# travertine... pro's and con's



## Pearce Services (Nov 21, 2005)

The voids are filled on the top of the tile, but the bottom still has voids, the filler helps hold the tile together, Plan on extra waste when you have a lot of cuts and make sure you have a good blade with no wobble, because the tiles can break easily when cutting.

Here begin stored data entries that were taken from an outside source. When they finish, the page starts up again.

(* For the full-order LQO system $G$ and the reduced-order LQO system $G_k$ described in the context, the squared frequency-limited $\mathcal{H}_2$ norm of the error satisfies $$\|G-G_k\|_{\mathcal{H}_{2,\omega}}^2=\|G\|_{\mathcal{H}_{2,\omega}}^2-2\langle G,G_k\rangle_{\mathcal{H}_{2,\omega}}+\|G_k\|_{\mathcal{H}_{2,\omega}}^2,$$ where the $\mathcal{H}_{2,\omega}$ inner product equals $\langle G,G_k\rangle_{\mathcal{H}_{2,\omega}}=\operatorname{trace}\big(B^T(Y_{12,\omega}+Z_{12,\omega})B_k\big)=\operatorname{trace}(B^TQ_{12,\omega}B_k)$.
   Context: Consider the linear quadratic output (LQO) system $G$: $\dot x(t)=Ax(t)+Bu(t)$, $y(t)=Cx(t)+[x(t)^TM_1x(t);\dots;x(t)^TM_px(t)]$ with $A\in\mathbb{R}^{n\times n}$ Hurwitz, $B\in\mathbb{R}^{n\times m}$, $C\in\mathbb{R}^{p\times n}$, $M_i=M_i^T\in\mathbb{R}^{n\times n}$, and a reduced-order LQO system $G_k$ with realization $(A_k,B_k,C_k,M_{k,1},\dots,M_{k,p})$ of order $k$, $A_k$ Hurwitz. Their transfer functions are $G_1(s)=C(sI-A)^{-1}B$, $G_{2,i}(s_1,s_2)=B^T(s_1I-A)^{-*}M_i(s_2I-A)^{-1}B$, and analogously $G_{k,1}$, $G_{k,2,i}$ with the reduced matrices. The frequency-limited $\mathcal{H}_2$ norm on $[0,\omega]$ rad/sec is given by $\|G\|_{\mathcal{H}_{2,\omega}}^2=\operatorname{trace}\Big(\frac{1}{2\pi}\int_{-\omega}^{\omega}G_1^*(j\nu)G_1(j\nu)d\nu+\frac{1}{(2\pi)^2}\int_{-\omega}^{\omega}\int_{-\omega}^{\omega}\sum_{i=1}^pG_{2,i}^*(j\nu_1,j\nu_2)G_{2,i}(j\nu_1,j\nu_2)d\nu_1d\nu_2\Big)$, and the $\mathcal{H}_{2,\omega}$ inner product is $\langle G,G_k\rangle_{\mathcal{H}_{2,\omega}}=\frac{1}{2\pi}\int_{-\omega}^{\omega}\operatorname{trace}\big(G_1^*(j\nu)G_{k,1}(j\nu)\big)d\nu+\frac{1}{4\pi^2}\operatorname{trace}\Big(\int_{-\omega}^{\omega}\int_{-\omega}^{\omega}\sum_{i=1}^pG_{2,i}^*(j\nu_1,j\nu_2)G_{k,2,i}(j\nu_1,j\nu_2)d\nu_1d\nu_2\Big)$. Let $F_\omega=\frac{1}{2\pi}\int_{-\omega}^{\omega}(j\nu I-A)^{-1}d\nu$ and $F_{k,\omega}=\frac{1}{2\pi}\int_{-\omega}^{\omega}(j\nu I-A_k)^{-1}d\nu$. Let $P_{12,\omega}$ solve $AP_{12,\omega}+P_{12,\omega}A_k^T+F_\omega BB_k^T+BB_k^TF_{k,\omega}^*=0$, $Y_{12,\omega}$ solve $A^TY_{12,\omega}+Y_{12,\omega}A_k+F_\omega^*C^TC_k+C^TC_kF_{k,\omega}=0$, $Z_{12,\omega}$ solve $A^TZ_{12,\omega}+Z_{12,\omega}A_k+\sum_{i=1}^p(F_\omega^*M_iP_{12,\omega}M_{k,i}+M_iP_{12,\omega}M_{k,i}F_{k,\omega})=0$, and $Q_{12,\omega}=Y_{12,\omega}+Z_{12,\omega}$. Equivalently $Y_{12,\omega}=\frac{1}{2\pi}\int_{-\omega}^{\omega}(j\nu I-A)^{-*}C^TC_k(j\nu I-A_k)^{-1}d\nu$ and $Z_{12,\omega}$ is the analogous double integral involving $\sum_i M_i(\cdot)M_{k,i}$. *)

theory Defs
  imports "HOL-Analysis.Analysis"
begin

definition cmat :: "real^'c^'r \<Rightarrow> complex^'c^'r" where
  "cmat X = map_matrix complex_of_real X"

definition ctrans :: "complex^'c^'r \<Rightarrow> complex^'r^'c" where
  "ctrans X = transpose (map_matrix cnj X)"

definition hurwitz :: "real^'n^'n \<Rightarrow> bool" where
  "hurwitz A \<longleftrightarrow> (\<forall>(lam::complex) (v::complex^'n). v \<noteq> 0 \<and> cmat A *v v = lam *s v \<longrightarrow> Re lam < 0)"

definition resolvent :: "real^'n^'n \<Rightarrow> complex \<Rightarrow> complex^'n^'n" where
  "resolvent A s = matrix_inv (mat s - cmat A)"

definition tf1 :: "real^'n^'n \<Rightarrow> real^'m^'n \<Rightarrow> real^'n^'p \<Rightarrow> complex \<Rightarrow> complex^'m^'p" where
  "tf1 A B C s = cmat C ** resolvent A s ** cmat B"

definition tf2 :: "real^'n^'n \<Rightarrow> real^'m^'n \<Rightarrow> ('p \<Rightarrow> real^'n^'n) \<Rightarrow> 'p \<Rightarrow> complex \<Rightarrow> complex \<Rightarrow> complex^'m^'m" where
  "tf2 A B M i s1 s2 = transpose (cmat B) ** ctrans (resolvent A s1) ** cmat (M i) ** resolvent A s2 ** cmat B"

definition h2w_norm_sq :: "real \<Rightarrow> (complex \<Rightarrow> complex^'m^'p)
    \<Rightarrow> ('p::finite \<Rightarrow> complex \<Rightarrow> complex \<Rightarrow> complex^'m^'m) \<Rightarrow> complex" where
  "h2w_norm_sq w H1 H2 = trace (
     (1 / (2*pi)) *\<^sub>R integral {-w..w} (\<lambda>\<nu>. ctrans (H1 (\<i> * of_real \<nu>)) ** H1 (\<i> * of_real \<nu>))
   + (1 / (2*pi)^2) *\<^sub>R integral {-w..w} (\<lambda>\<nu>1. integral {-w..w} (\<lambda>\<nu>2.
        \<Sum>i\<in>UNIV. ctrans (H2 i (\<i> * of_real \<nu>1) (\<i> * of_real \<nu>2)) ** H2 i (\<i> * of_real \<nu>1) (\<i> * of_real \<nu>2))))"

definition h2w_inner :: "real \<Rightarrow> (complex \<Rightarrow> complex^'m^'p)
    \<Rightarrow> ('p::finite \<Rightarrow> complex \<Rightarrow> complex \<Rightarrow> complex^'m^'m)
    \<Rightarrow> (complex \<Rightarrow> complex^'m^'p)
    \<Rightarrow> ('p \<Rightarrow> complex \<Rightarrow> complex \<Rightarrow> complex^'m^'m) \<Rightarrow> complex" where
  "h2w_inner w H1 H2 K1 K2 =
     (1 / (2*pi)) * integral {-w..w} (\<lambda>\<nu>. trace (ctrans (H1 (\<i> * of_real \<nu>)) ** K1 (\<i> * of_real \<nu>)))
   + (1 / (4*pi^2)) * trace (integral {-w..w} (\<lambda>\<nu>1. integral {-w..w} (\<lambda>\<nu>2.
        \<Sum>i\<in>UNIV. ctrans (H2 i (\<i> * of_real \<nu>1) (\<i> * of_real \<nu>2)) ** K2 i (\<i> * of_real \<nu>1) (\<i> * of_real \<nu>2))))"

Plan your cuts to avoid cutting across heavy voids that are near the corners.


----------



## remodeling joe (Feb 21, 2007)

so are you saying that the travertine is quite brittle???? is it even worth it??? i like it because it's just so prestigous looking and soft to the touch. the cheaper ones at hd are just crappy and gritty, but the nicer and pricier ones are just great.


----------



## hrscammisa (Mar 9, 2007)

I did a shower floor with it took the tiles and broke them up with hammer into small pices then put them in a concret mixer with some gravel and let them go for about 25-30 min soaked them some water to clean them and layed the floor looked great


----------



## MattCoops (Apr 7, 2006)

hrscammisa said:


> I did a shower floor with it took the tiles and broke them up with hammer into small pices then put them in a concret mixer with some gravel and let them go for about 25-30 min soaked them some water to clean them and layed the floor looked great



pictures?


----------



## remodeling joe (Feb 21, 2007)

i agree......pictures please!!!!!!!!!


----------



## JesseGaudin (Mar 30, 2007)

what is the difference between travertine and a tumble stone


----------



## TAHomeRepairs (Jun 18, 2012)

JesseGaudin said:


> what is the difference between travertine and a tumble stone


Nothing.....at least not after HRSCAMMISA is done with it!!:thumbup:


----------



## PrecisionFloors (Jan 24, 2006)

Dude was waiting tirelessly for over 5 years for that answer...hope it was worth it.


----------



## andybuildz (Jan 19, 2007)

I've set miles of travertine down and I've never had an issue with it breaking..not enough to have that has a consideration in using it or not.
http://tinyurl.com/7xwhek7
EDIT: sorry for not having those photos more organized but I'd been sooooo busy I was lucky to have even gotten that far : )~


----------